=== Exercise brief ===
Search the entries below for "cval", and copy each line where it appears.

=== Material provided ===
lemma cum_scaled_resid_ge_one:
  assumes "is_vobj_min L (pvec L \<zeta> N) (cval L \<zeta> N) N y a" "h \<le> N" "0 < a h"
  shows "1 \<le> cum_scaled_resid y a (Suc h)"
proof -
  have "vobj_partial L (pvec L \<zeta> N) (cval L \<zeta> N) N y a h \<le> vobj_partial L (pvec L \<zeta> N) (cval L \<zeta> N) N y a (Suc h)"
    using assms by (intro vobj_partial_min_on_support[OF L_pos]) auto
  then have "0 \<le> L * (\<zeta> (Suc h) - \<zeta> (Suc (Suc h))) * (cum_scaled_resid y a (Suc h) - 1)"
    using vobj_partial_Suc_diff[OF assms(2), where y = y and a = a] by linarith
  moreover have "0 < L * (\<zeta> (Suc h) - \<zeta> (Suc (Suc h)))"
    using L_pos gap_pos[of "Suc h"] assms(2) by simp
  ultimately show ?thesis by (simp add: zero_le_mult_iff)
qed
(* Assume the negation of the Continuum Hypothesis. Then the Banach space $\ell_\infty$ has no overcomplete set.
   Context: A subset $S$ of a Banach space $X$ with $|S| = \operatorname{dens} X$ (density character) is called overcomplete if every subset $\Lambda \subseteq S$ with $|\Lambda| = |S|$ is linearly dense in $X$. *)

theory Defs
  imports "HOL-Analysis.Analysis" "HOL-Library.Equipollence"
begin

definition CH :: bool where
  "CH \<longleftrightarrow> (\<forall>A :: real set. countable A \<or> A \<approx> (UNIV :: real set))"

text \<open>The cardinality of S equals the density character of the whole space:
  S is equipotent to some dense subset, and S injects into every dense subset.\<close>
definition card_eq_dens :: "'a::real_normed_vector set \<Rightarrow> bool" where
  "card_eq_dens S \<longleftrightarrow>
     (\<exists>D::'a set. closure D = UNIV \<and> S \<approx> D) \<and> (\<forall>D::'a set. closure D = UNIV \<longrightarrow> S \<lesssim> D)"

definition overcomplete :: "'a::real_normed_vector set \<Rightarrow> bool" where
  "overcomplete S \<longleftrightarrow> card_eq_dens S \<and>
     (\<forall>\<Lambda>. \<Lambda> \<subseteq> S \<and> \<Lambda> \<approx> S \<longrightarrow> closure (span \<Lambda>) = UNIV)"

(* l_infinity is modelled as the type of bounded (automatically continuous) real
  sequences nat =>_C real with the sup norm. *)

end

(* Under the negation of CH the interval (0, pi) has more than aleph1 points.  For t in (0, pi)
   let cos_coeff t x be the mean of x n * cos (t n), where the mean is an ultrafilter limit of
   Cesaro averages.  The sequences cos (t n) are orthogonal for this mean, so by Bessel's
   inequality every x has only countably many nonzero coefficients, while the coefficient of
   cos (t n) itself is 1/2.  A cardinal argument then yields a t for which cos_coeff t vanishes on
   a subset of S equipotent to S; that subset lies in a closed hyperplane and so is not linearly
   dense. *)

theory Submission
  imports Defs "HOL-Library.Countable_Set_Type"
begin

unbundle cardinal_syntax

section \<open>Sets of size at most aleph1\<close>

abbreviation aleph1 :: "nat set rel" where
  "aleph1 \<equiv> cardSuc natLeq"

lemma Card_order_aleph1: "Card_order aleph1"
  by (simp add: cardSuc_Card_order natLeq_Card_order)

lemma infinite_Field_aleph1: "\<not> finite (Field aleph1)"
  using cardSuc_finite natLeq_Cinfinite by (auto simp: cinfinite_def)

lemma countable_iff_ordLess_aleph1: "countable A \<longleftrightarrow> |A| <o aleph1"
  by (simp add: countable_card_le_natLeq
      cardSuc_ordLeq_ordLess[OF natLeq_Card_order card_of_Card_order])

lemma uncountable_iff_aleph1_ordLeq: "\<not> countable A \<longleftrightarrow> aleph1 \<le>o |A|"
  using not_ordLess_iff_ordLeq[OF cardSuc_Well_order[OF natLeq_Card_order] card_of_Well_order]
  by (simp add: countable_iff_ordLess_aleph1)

==

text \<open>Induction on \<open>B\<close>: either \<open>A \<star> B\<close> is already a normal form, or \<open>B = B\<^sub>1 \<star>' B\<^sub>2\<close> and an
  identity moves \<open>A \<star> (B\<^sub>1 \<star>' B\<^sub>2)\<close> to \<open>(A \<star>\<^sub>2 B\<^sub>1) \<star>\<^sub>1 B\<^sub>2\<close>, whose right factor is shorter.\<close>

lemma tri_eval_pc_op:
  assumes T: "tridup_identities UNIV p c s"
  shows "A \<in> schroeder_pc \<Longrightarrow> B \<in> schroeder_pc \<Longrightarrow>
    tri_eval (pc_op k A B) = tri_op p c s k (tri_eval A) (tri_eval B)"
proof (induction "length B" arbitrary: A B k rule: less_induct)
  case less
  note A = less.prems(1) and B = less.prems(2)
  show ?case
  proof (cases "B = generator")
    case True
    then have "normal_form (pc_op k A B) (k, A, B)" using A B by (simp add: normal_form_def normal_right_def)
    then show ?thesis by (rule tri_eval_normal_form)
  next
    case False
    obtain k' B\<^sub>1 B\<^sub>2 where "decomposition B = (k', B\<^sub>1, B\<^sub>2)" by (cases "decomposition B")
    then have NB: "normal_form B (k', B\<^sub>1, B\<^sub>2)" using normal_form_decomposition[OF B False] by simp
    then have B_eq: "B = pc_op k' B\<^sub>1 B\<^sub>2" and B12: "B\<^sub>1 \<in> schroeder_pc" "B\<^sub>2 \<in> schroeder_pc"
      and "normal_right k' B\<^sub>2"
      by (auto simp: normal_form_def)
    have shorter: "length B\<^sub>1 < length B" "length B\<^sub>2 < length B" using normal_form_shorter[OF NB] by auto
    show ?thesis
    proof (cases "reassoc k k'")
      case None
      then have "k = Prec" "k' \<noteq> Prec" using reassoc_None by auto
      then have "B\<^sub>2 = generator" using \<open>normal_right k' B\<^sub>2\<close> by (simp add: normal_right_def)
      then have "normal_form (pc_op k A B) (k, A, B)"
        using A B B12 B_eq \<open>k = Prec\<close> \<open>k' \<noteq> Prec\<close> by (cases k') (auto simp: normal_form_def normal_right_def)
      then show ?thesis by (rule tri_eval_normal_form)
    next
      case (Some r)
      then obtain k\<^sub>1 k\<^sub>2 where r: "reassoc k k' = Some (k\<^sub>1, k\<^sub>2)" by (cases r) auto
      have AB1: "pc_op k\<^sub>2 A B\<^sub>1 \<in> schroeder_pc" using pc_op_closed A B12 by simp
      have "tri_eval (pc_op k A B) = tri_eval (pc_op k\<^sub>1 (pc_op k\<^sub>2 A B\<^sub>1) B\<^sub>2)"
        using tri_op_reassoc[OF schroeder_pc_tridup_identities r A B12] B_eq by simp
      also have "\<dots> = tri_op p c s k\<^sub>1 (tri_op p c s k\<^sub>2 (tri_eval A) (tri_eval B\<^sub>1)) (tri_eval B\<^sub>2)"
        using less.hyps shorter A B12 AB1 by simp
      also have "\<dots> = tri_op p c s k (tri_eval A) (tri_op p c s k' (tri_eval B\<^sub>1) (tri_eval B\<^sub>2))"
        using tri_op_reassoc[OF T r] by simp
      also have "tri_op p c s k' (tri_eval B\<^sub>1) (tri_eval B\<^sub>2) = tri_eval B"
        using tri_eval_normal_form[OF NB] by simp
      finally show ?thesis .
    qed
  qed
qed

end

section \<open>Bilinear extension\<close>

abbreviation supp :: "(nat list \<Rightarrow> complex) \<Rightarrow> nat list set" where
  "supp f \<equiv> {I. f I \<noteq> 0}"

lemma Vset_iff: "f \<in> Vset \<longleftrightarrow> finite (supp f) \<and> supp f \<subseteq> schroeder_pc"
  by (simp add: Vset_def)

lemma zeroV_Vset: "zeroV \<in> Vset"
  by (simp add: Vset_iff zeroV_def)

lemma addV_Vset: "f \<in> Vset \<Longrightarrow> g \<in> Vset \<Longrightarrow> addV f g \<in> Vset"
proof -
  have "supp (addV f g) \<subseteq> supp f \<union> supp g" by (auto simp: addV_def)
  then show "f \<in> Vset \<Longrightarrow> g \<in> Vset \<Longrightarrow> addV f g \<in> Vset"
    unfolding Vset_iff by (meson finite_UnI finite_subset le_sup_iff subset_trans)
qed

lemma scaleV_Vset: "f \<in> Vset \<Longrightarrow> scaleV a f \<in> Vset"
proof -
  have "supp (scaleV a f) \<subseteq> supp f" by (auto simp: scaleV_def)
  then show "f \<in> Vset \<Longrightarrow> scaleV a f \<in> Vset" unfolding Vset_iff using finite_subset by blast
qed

=== Written solution ===
  assumes "is_vobj_min L (pvec L \<zeta> N) (cval L \<zeta> N) N y a" "h \<le> N" "0 < a h"
  have "vobj_partial L (pvec L \<zeta> N) (cval L \<zeta> N) N y a h \<le> vobj_partial L (pvec L \<zeta> N) (cval L \<zeta> N) N y a (Suc h)"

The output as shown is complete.